[Start of section]
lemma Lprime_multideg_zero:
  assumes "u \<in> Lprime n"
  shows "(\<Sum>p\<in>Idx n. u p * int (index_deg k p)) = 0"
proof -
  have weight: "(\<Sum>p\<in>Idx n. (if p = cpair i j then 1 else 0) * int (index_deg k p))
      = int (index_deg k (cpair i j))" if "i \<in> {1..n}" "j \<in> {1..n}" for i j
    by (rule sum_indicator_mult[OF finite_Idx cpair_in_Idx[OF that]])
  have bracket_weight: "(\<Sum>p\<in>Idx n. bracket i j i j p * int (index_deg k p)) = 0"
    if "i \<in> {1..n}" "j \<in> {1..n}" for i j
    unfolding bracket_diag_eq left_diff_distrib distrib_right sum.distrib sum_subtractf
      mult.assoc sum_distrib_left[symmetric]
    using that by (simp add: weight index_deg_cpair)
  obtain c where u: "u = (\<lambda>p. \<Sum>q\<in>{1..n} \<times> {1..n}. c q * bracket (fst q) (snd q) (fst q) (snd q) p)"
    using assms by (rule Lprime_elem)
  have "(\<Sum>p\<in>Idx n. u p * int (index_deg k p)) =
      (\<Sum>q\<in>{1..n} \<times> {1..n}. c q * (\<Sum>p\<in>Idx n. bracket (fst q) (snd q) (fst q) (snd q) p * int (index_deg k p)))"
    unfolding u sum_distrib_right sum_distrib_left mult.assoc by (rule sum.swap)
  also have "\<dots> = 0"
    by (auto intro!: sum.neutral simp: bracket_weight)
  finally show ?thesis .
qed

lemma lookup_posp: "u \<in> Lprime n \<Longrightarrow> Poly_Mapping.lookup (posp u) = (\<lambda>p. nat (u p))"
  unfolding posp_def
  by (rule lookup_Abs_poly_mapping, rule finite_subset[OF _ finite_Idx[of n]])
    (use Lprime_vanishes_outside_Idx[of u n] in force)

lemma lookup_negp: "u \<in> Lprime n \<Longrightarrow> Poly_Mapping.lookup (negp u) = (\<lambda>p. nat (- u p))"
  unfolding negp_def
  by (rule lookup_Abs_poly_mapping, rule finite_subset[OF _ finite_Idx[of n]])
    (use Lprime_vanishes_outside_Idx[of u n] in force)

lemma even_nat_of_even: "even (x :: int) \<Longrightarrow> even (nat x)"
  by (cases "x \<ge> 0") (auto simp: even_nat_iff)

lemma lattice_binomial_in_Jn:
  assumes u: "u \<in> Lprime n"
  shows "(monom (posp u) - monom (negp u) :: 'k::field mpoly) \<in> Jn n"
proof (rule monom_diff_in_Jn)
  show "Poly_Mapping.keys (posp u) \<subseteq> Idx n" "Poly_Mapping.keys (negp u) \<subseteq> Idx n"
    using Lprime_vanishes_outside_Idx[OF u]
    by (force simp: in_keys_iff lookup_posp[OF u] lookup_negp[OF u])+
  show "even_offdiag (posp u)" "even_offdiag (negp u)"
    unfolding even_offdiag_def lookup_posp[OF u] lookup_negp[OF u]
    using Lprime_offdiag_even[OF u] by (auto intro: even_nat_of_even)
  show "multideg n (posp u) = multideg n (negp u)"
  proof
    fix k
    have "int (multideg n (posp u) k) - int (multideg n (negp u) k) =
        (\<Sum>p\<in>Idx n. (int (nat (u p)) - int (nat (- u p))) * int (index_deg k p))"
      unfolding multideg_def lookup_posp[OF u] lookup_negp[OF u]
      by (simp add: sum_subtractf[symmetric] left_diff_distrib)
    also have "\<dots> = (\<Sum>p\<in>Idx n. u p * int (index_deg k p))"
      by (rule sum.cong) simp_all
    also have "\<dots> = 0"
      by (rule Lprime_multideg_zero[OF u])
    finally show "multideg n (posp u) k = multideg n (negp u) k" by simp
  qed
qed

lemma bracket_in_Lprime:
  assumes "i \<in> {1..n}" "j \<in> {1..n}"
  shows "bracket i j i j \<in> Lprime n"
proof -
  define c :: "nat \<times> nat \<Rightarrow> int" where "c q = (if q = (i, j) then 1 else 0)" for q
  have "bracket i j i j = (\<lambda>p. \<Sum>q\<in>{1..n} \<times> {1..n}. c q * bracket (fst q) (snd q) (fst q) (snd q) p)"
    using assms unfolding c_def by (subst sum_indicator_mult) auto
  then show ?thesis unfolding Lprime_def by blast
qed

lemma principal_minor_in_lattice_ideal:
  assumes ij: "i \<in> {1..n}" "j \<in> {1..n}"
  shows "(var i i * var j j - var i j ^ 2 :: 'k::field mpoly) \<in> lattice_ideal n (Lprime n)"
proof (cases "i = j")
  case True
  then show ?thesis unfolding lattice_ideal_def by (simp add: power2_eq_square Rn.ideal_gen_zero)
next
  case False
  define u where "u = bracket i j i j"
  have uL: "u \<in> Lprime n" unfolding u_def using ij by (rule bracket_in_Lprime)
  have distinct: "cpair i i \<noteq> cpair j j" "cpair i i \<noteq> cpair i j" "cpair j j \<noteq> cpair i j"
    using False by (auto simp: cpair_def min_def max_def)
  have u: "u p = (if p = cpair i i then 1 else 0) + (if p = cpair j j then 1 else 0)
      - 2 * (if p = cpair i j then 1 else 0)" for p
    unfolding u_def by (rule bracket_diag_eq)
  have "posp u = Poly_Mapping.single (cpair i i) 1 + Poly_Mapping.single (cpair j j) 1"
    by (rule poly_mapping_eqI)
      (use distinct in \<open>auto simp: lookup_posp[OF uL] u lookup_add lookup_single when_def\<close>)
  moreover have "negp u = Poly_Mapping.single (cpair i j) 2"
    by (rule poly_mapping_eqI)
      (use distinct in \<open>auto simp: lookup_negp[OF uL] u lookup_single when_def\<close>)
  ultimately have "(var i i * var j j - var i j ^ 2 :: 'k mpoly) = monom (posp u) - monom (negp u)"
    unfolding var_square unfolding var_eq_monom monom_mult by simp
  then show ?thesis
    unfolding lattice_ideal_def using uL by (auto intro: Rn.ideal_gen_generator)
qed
[End of section]
» **ASSIGNED TASK**: Copy out each line of the data that holds the string "where".

» **RESULT OF THE TASK**:
  obtain c where u: "u = (\<lambda>p. \<Sum>q\<in>{1..n} \<times> {1..n}. c q * bracket (fst q) (snd q) (fst q) (snd q) p)"
  define c :: "nat \<times> nat \<Rightarrow> int" where "c q = (if q = (i, j) then 1 else 0)" for q
  define u where "u = bracket i j i j"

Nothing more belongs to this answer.